📜 ⬆️ ⬇️

Databene Benerator - test data generation

The essence of the problem


Now there is a lot of material about the unit and load testing. All polls write tests, code is created exclusively through TDD , use jmeter / ab . However, all testing is very closely related to test data. And they need to generate / write. The problem is not acute for unit testing - I put a mock in, chased it and forgot it. But what about stress testing? When do I need 1-2-5-10 objects, but millions ?

image Most (php) developers I met, faced with the task of load testing my code, create several fixtures with their hands and force them ( ab / jmeter ). The obtained test result is not reliable, but they do not think about it. More advanced ones write scripts to generate data, upload them to the database and after that they are already playing. It is commendable, but there are significantly fewer such ones, and the method itself does not seem ideal to me - another programmer may not understand the general hardware fixtures (the creator wrote it quickly and for utilitarian purposes) and sooner or later everyone will either follow the first path or start writing a new generalku.

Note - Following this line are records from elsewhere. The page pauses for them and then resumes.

text \<open>Aperiodicity, zero-dimensionality and compactness give a clopen set \<open>M\<close> which no point
  re-enters in fewer than \<open>N\<close> steps and which is maximal with this property: every point of
  \<open>X\<close> lies in \<open>M\<close> or within fewer than \<open>N\<close> steps of \<open>M\<close> along an orbit, forwards or
  backwards. If an orbit stays outside \<open>M\<close>, the end of each of its blocks of length \<open>N\<close> is
  reached from a point of \<open>M\<close>, and the two orbits merge at a point of \<open>Sp_l X T\<close> inside that
  block. Orbits are injective, so this happens in at most \<open>|Sp_l X T|\<close> blocks, and every point
  enters \<open>M\<close> within \<open>(|Sp_l X T| + 2) N\<close> steps. The sets \<open>B\<^sub>q\<close> of points entering \<open>M\<close>
  first at time \<open>q N\<close>, \<open>q < |Sp_l X T| + 2\<close>, are clopen bases without early returns, and the
  towers \<open>T\<^sup>-\<^sup>k B\<^sub>q\<close>, \<open>k < N\<close>, cover \<open>X\<close>; which is better than the claimed bound.\<close>

lemma local_homeomorphism_continuous_on:
  assumes "local_homeomorphism X T"
  shows "continuous_on X T"
  unfolding continuous_on_eq_continuous_within
proof
  fix x assume "x \<in> X"
  then obtain U g where U: "openin (top_of_set X) U" "x \<in> U" "homeomorphism U (T ` U) T g"
    using assms unfolding local_homeomorphism_def by blast
  obtain G where G: "open G" "U = X \<inter> G" using U(1) openin_open by blast
  have "continuous (at x within U) T"
    using U(2,3) homeomorphism_cont1 continuous_on_eq_continuous_within by blast
  moreover have "at x within X = at x within U"
    using G U(2) by (intro at_within_nhd[of x G]) auto
  ultimately show "continuous (at x within X) T" by simp
qed
(* Let $\Lambda=\langle a_1\rangle\perp\langle a_2\rangle$ be a skew-hermitian lattice such that $N(a_2)\in N(a_1)k^{*2}$ and the extension $k(a_1)/k$ is ramified. Then there exists a skew-hermitian lattice $L=\langle q\rangle\perp\langle\epsilon q\rangle$, with $q\in D^*$ and $\epsilon\in k^*$, such that $H(\Lambda)=H(L)$. Moreover, $q$ can be taken to be $q'$ for any pure quaternion $q'\in D^*$ with $N(q')\in N(a_1)k^{*2}$.
   Context: $k$ is a dyadic local field of characteristic $0$, $D$ the quaternion division algebra over $k$ with involution $q\mapsto\bar q$, reduced norm $N$, maximal order $\mathcal{O}_D$. A skew-hermitian space is a free $D$-module $V$ with nondegenerate $h$, $D$-linear in the first variable, $h(x,y)=-\overline{h(y,x)}$. For a pure quaternion $a$, $\langle a\rangle$ denotes a rank-one lattice $\mathcal{O}_Dx$ with $h(x,x)=a$, and $\perp$ denotes orthogonal sum. $H(\Lambda)\supseteq k^{*2}$ is defined by $H(\Lambda)/k^{*2}=\theta(\mathcal{U}^+_k(\Lambda))$, where $\mathcal{U}^+_k(\Lambda)$ is the group of isometries of $h$ preserving $\Lambda$ and $\theta$ the spinor norm ($\theta((s;\sigma))=N(\sigma)k^{*2}$ for simple rotations $(s;\sigma)(x)=x-h(x,s)\sigma^{-1}s$, $\sigma-\bar\sigma=h(s,s)$). *)

theory Defs
  imports Complex_Main
begin

text \<open>The field k is a type of class field_char_0 together with a normalized
discrete valuation v (the value at 0 is irrelevant) for which k is complete,
with finite residue field of characteristic 2 (i.e. v 2 > 0).\<close>

definition val_ring :: "('k::field_char_0 \<Rightarrow> int) \<Rightarrow> 'k set" where
  "val_ring v = {x. x = 0 \<or> v x \<ge> 0}"

definition dyadic_local_field :: "('k::field_char_0 \<Rightarrow> int) \<Rightarrow> bool" where
  "dyadic_local_field v \<longleftrightarrow>
     (\<forall>x y. x \<noteq> 0 \<longrightarrow> y \<noteq> 0 \<longrightarrow> v (x * y) = v x + v y) \<and>
     (\<forall>x y. x \<noteq> 0 \<longrightarrow> y \<noteq> 0 \<longrightarrow> x + y \<noteq> 0 \<longrightarrow> v (x + y) \<ge> min (v x) (v y)) \<and>
     (\<exists>\<pi>. \<pi> \<noteq> 0 \<and> v \<pi> = 1) \<and>
     (\<forall>f :: nat \<Rightarrow> 'k.
        (\<forall>n::int. \<exists>N. \<forall>m\<ge>N. \<forall>p\<ge>N. f m = f p \<or> v (f m - f p) \<ge> n) \<longrightarrow>
        (\<exists>L. \<forall>n::int. \<exists>N. \<forall>m\<ge>N. f m = L \<or> v (f m - L) \<ge> n)) \<and>
     (\<exists>S. finite S \<and> S \<subseteq> val_ring v \<and>
        (\<forall>x\<in>val_ring v. \<exists>s\<in>S. x = s \<or> v (x - s) \<ge> 1)) \<and>
     v 2 \<ge> 1"

text \<open>Elements a + b i + c j + d ij with i^2 = alpha, j^2 = beta, ij = - ji.\<close>

datatype 'k quat = Quat 'k 'k 'k 'k

fun qre :: "'k quat \<Rightarrow> 'k" where "qre (Quat a b c d) = a"

definition qof :: "'k::field \<Rightarrow> 'k quat" where
  "qof c = Quat c 0 0 0"

fun qadd :: "'k::field quat \<Rightarrow> 'k quat \<Rightarrow> 'k quat" where
  "qadd (Quat a1 b1 c1 d1) (Quat a2 b2 c2 d2) = Quat (a1+a2) (b1+b2) (c1+c2) (d1+d2)"

fun qneg :: "'k::field quat \<Rightarrow> 'k quat" where
  "qneg (Quat a b c d) = Quat (-a) (-b) (-c) (-d)"

definition qsub :: "'k::field quat \<Rightarrow> 'k quat \<Rightarrow> 'k quat" where
  "qsub p q = qadd p (qneg q)"

fun qscal :: "'k::field \<Rightarrow> 'k quat \<Rightarrow> 'k quat" where
  "qscal t (Quat a b c d) = Quat (t*a) (t*b) (t*c) (t*d)"

fun qmul :: "'k::field \<Rightarrow> 'k \<Rightarrow> 'k quat \<Rightarrow> 'k quat \<Rightarrow> 'k quat" where
  "qmul \<alpha> \<beta> (Quat a1 b1 c1 d1) (Quat a2 b2 c2 d2) =
     Quat (a1*a2 + \<alpha>*b1*b2 + \<beta>*c1*c2 - \<alpha>*\<beta>*d1*d2)
          (a1*b2 + b1*a2 - \<beta>*c1*d2 + \<beta>*d1*c2)
          (a1*c2 + c1*a2 + \<alpha>*b1*d2 - \<alpha>*d1*b2)
          (a1*d2 + d1*a2 + b1*c2 - c1*b2)"

fun qconj :: "'k::field quat \<Rightarrow> 'k quat" where
  "qconj (Quat a b c d) = Quat a (-b) (-c) (-d)"
lemma Lset_singular_to_perp:
  assumes \<M>: "\<M> \<subseteq> ba \<Omega> M" and \<nu>: "\<nu> \<in> Lset \<Omega> M \<M>" and l: "l \<in> perp \<Omega> M \<M>"
  shows "singular \<Omega> M \<nu> l"
  unfolding singular_def
proof (intro allI impI)
  fix \<epsilon> :: real assume e: "\<epsilon> > 0"
  obtain m where m: "m \<in> convA \<Omega> M \<M>" and ac: "abs_cont M \<nu> m"
    using \<nu> by (auto simp: Lset_def)
  have lba: "l \<in> ba \<Omega> M" and l_sing: "\<And>\<mu>. \<mu> \<in> \<M> \<Longrightarrow> singular \<Omega> M l \<mu>"
    using l by (auto simp: perp_def)
  obtain \<delta> where \<delta>: "\<delta> > 0" "\<And>A. A \<in> M \<Longrightarrow> tv M m A < \<delta> \<Longrightarrow> tv M \<nu> A < \<epsilon>/2"
    using ac e unfolding abs_cont_def by (meson half_gt_zero)
  obtain A where A: "A \<in> M" "tv M l A + m (\<Omega> - A) < min \<delta> (\<epsilon>/2)"
    using singular_to_convA[OF lba \<M> m l_sing] \<delta> e unfolding singular_to_def
    by (meson half_gt_zero min_less_iff_conj)
  have C: "\<Omega> - A \<in> M" using A by auto
  have l0: "0 \<le> tv M l A" using tv_nonneg[OF ba_additive[OF lba] ba_bounded[OF lba]] .
  have "tv M m (\<Omega> - A) < \<delta>" using A convA_props(4)[OF \<M> m C] l0 by simp
  then have "tv M \<nu> (\<Omega> - A) < \<epsilon>/2" using \<delta>(2)[OF C] by simp
  moreover have "tv M l A < \<epsilon>/2" using A convA_props(2)[OF \<M> m, of "\<Omega> - A"] by simp
  moreover have "\<Omega> - (\<Omega> - A) = A" using A sets_into_space by auto
  ultimately show "\<exists>A\<in>M. tv M \<nu> A + tv M l (\<Omega> - A) < \<epsilon>" using C by (intro bexI[of _ "\<Omega> - A"]) auto
qed

end

section \<open>The part of v concentrated on m-small sets\<close>

text \<open>sup_small M v m d A is the largest v-mass of a subset of A of m-mass below d; its limit
  as d tends to 0 is the part of v that escapes absolute continuity with respect to m.\<close>

definition sup_small :: "'a set set \<Rightarrow> ('a set \<Rightarrow> real) \<Rightarrow> ('a set \<Rightarrow> real) \<Rightarrow> real \<Rightarrow> 'a set \<Rightarrow> real" where
  "sup_small M v m d A = (SUP B\<in>{B\<in>M. B \<subseteq> A \<and> m B < d}. v B)"

definition sing_part :: "'a set set \<Rightarrow> ('a set \<Rightarrow> real) \<Rightarrow> ('a set \<Rightarrow> real) \<Rightarrow> 'a set \<Rightarrow> real" where
  "sing_part M v m A = (if A \<in> M then (INF d\<in>{0<..}. sup_small M v m d A) else 0)"

text \<open>The standing assumptions: v is a bounded nonnegative additive function (later |\<nu>|)
  and m a nonnegative additive control function (later an element of A(\<M>)).\<close>

locale sing_part_data = algebra +
  fixes v m :: "'a set \<Rightarrow> real"
  assumes v_additive: "additive M v" and v_bounded: "bounded_on M v" and v_nonneg: "\<And>A. 0 \<le> v A"
    and m_additive: "additive M m" and m_nonneg: "\<And>A. 0 \<le> m A"
begin

lemma sup_small_upper: "B \<in> M \<Longrightarrow> B \<subseteq> A \<Longrightarrow> m B < d \<Longrightarrow> v B \<le> sup_small M v m d A"
  unfolding sup_small_def by (rule cSUP_upper[OF _ bounded_on_bdd_above[OF v_bounded]]) auto

lemma sup_small_least:
  "0 < d \<Longrightarrow> (\<And>B. B \<in> M \<Longrightarrow> B \<subseteq> A \<Longrightarrow> m B < d \<Longrightarrow> v B \<le> c) \<Longrightarrow> sup_small M v m d A \<le> c"
  unfolding sup_small_def by (rule cSUP_least) (use additive_empty[OF m_additive] in auto)

lemma sup_small_nonneg: "0 < d \<Longrightarrow> 0 \<le> sup_small M v m d A"
  using sup_small_upper[of "{}" A d] additive_empty[OF m_additive] additive_empty[OF v_additive]
  by auto

lemma sup_small_mono: "0 < d1 \<Longrightarrow> d1 \<le> d2 \<Longrightarrow> sup_small M v m d1 A \<le> sup_small M v m d2 A"
  by (rule sup_small_least) (auto intro: sup_small_upper)

lemma sup_small_subadditive:
  assumes A: "A1 \<in> M" "A2 \<in> M" "A1 \<inter> A2 = {}" and d: "0 < d"
  shows "sup_small M v m d (A1 \<union> A2) \<le> sup_small M v m d A1 + sup_small M v m d A2"
proof (rule sup_small_least[OF d])
  fix B assume B: "B \<in> M" "B \<subseteq> A1 \<union> A2" "m B < d"
  have parts: "B \<inter> A1 \<in> M" "B \<inter> A2 \<in> M" "B \<inter> A1 \<subseteq> B" "B \<inter> A2 \<subseteq> B" using A B by auto
  have "B = (B \<inter> A1) \<union> (B \<inter> A2)" using B by auto
  then have "v B = v (B \<inter> A1) + v (B \<inter> A2)"
    using additiveD[OF v_additive, of "B \<inter> A1" "B \<inter> A2"] A parts by auto
  also have "\<dots> \<le> sup_small M v m d A1 + sup_small M v m d A2"
    using additive_mono[OF m_additive _ B(1)] m_nonneg B(3) parts
    by (intro add_mono sup_small_upper) fastforce+
  finally show "v B \<le> sup_small M v m d A1 + sup_small M v m d A2" .
qed

lemma sup_small_superadditive:
  assumes A: "A1 \<in> M" "A2 \<in> M" "A1 \<inter> A2 = {}" and d: "0 < d1" "0 < d2"
  shows "sup_small M v m d1 A1 + sup_small M v m d2 A2 \<le> sup_small M v m (d1 + d2) (A1 \<union> A2)"
proof -
  have "sup_small M v m d1 A1 \<le> sup_small M v m (d1 + d2) (A1 \<union> A2) - sup_small M v m d2 A2"
  proof (rule sup_small_least[OF d(1)])
    fix B1 assume B1: "B1 \<in> M" "B1 \<subseteq> A1" "m B1 < d1"
    have "sup_small M v m d2 A2 \<le> sup_small M v m (d1 + d2) (A1 \<union> A2) - v B1"
    proof (rule sup_small_least[OF d(2)])
      fix B2 assume B2: "B2 \<in> M" "B2 \<subseteq> A2" "m B2 < d2"
      have dj: "B1 \<inter> B2 = {}" using A B1 B2 by auto
      have "v B1 + v B2 = v (B1 \<union> B2)" using additiveD[OF v_additive dj B1(1) B2(1)] ..
      also have "\<dots> \<le> sup_small M v m (d1 + d2) (A1 \<union> A2)"
        by (rule sup_small_upper) (use B1 B2 additiveD[OF m_additive dj B1(1) B2(1)] in auto)
      finally show "v B2 \<le> sup_small M v m (d1 + d2) (A1 \<union> A2) - v B1" by simp
    qed
    then show "v B1 \<le> sup_small M v m (d1 + d2) (A1 \<union> A2) - sup_small M v m d2 A2" by simp
  qed
  then show ?thesis by simp
qed

lemma sing_part_le_sup_small: "A \<in> M \<Longrightarrow> 0 < d \<Longrightarrow> sing_part M v m A \<le> sup_small M v m d A"
  unfolding sing_part_def by (auto intro!: cINF_lower simp: bdd_below_def intro: sup_small_nonneg)

lemma sing_part_greatest:
  "A \<in> M \<Longrightarrow> (\<And>d. 0 < d \<Longrightarrow> c \<le> sup_small M v m d A) \<Longrightarrow> c \<le> sing_part M v m A"
  unfolding sing_part_def by (auto intro!: cINF_greatest)

lemma sing_part_approx:
  "A \<in> M \<Longrightarrow> 0 < \<epsilon> \<Longrightarrow> \<exists>d>0. sup_small M v m d A < sing_part M v m A + \<epsilon>"
  using sing_part_greatest[of A "sing_part M v m A + \<epsilon>"] by force

lemma sing_part_nonneg: "0 \<le> sing_part M v m A"
proof (cases "A \<in> M")
  case True then show ?thesis by (rule sing_part_greatest) (rule sup_small_nonneg)
qed (simp add: sing_part_def)

lemma sing_part_le: "A \<in> M \<Longrightarrow> sing_part M v m A \<le> v A"
  using sing_part_le_sup_small[of A 1]
    sup_small_least[of 1 A "v A"] additive_mono[OF v_additive] v_nonneg by force

text \<open>The singular part is finitely additive; both inequalities follow from the sub- and
  superadditivity of sup_small by letting the thresholds tend to 0.\<close>

lemma sing_part_additive: "additive M (sing_part M v m)"
  unfolding additive_def
proof (intro ballI impI antisym)
  fix A1 A2 assume A: "A1 \<in> M" "A2 \<in> M" "A1 \<inter> A2 = {}"
  have U: "A1 \<union> A2 \<in> M" using A by auto
  show "sing_part M v m (A1 \<union> A2) \<le> sing_part M v m A1 + sing_part M v m A2"
  proof (rule field_le_epsilon)
    fix e :: real assume e: "0 < e"
    obtain d1 d2 where d1: "0 < d1" "sup_small M v m d1 A1 < sing_part M v m A1 + e/2"
      and d2: "0 < d2" "sup_small M v m d2 A2 < sing_part M v m A2 + e/2"
      using sing_part_approx[OF A(1), of "e/2"] sing_part_approx[OF A(2), of "e/2"] e by auto
    define d where "d = min d1 d2"
    have "sing_part M v m (A1 \<union> A2) \<le> sup_small M v m d (A1 \<union> A2)"
      using sing_part_le_sup_small[OF U] d1 d2 by (simp add: d_def)
    also have "\<dots> \<le> sup_small M v m d A1 + sup_small M v m d A2"
      using sup_small_subadditive[OF A] d1 d2 by (simp add: d_def)
    also have "\<dots> \<le> sup_small M v m d1 A1 + sup_small M v m d2 A2"
      using sup_small_mono d1 d2 by (intro add_mono) (auto simp: d_def)
    finally show "sing_part M v m (A1 \<union> A2) \<le> sing_part M v m A1 + sing_part M v m A2 + e"
      using d1 d2 by simp
  qed
  show "sing_part M v m A1 + sing_part M v m A2 \<le> sing_part M v m (A1 \<union> A2)"
  proof (rule field_le_epsilon)
    fix e :: real assume e: "0 < e"
    obtain d where d: "0 < d" "sup_small M v m d (A1 \<union> A2) < sing_part M v m (A1 \<union> A2) + e"
      using sing_part_approx[OF U e] by auto
    have "sing_part M v m A1 + sing_part M v m A2 \<le> sup_small M v m (d/2) A1 + sup_small M v m (d/2) A2"
      using sing_part_le_sup_small A d by (intro add_mono) auto
    also have "\<dots> \<le> sup_small M v m (d/2 + d/2) (A1 \<union> A2)"
      using sup_small_superadditive[OF A, of "d/2" "d/2"] d by simp
    finally show "sing_part M v m A1 + sing_part M v m A2 \<le> sing_part M v m (A1 \<union> A2) + e"
      using d by simp
  qed
qed

lemma sing_part_ba: "sing_part M v m \<in> ba \<Omega> M"
  unfolding ba_iff
proof (intro conjI sing_part_additive allI impI)
  obtain c where "\<And>A. A \<in> M \<Longrightarrow> \<bar>v A\<bar> \<le> c" using bounded_onE[OF v_bounded] by blast
  then show "bounded_on M (sing_part M v m)" unfolding bounded_on_def
    using sing_part_le sing_part_nonneg by (intro exI[of _ c]) (force dest: abs_le_D1)
qed (simp add: sing_part_def)

lemma tv_sing_part: "tv M (sing_part M v m) A = sing_part M v m A"
proof (cases "A \<in> M")
  case True
  then show ?thesis
    using tv_nonneg_fun[OF sing_part_additive _ sing_part_nonneg] sing_part_ba by (simp add: ba_iff)
qed (simp add: tv_def sing_part_def)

The value of the correct drawing up of fixtures is now underestimated, many people simply hammer on it because of the laboriousness of such work (let's imagine 15-25 related tables, writing a script for generating fixtures will be very, ahem, interesting). I understand perfectly why the developers are doing this, and when the same problem appeared, I decided not to beat my head against the wall, but to look for tools for the normal generation of related data.
')
I was very surprised, but nothing intelligible was found, I got the feeling that this question simply didn’t interest anyone and I’ll have to write curved scripts all my life with lots of cycles. Nevertheless, a suitable tool was found, we successfully tested it in work, and now I want to present it to you.

Databene Benerator - FTW!


The generator (yes, the funny name) serves for 2 purposes: the generation of data and their anonymization. The latter is beyond the scope of this article, but also a very correct and useful business (modification of the dump database from production to cut user personal data and their credit card numbers).
Tulsa uses your XML script to generate CSV / XML or export directly to the database. It works in general everywhere and supports the following databases:


The script is a series of generate tags in which you describe which entities you will create and in what way. It sounds simple, but there are nuances.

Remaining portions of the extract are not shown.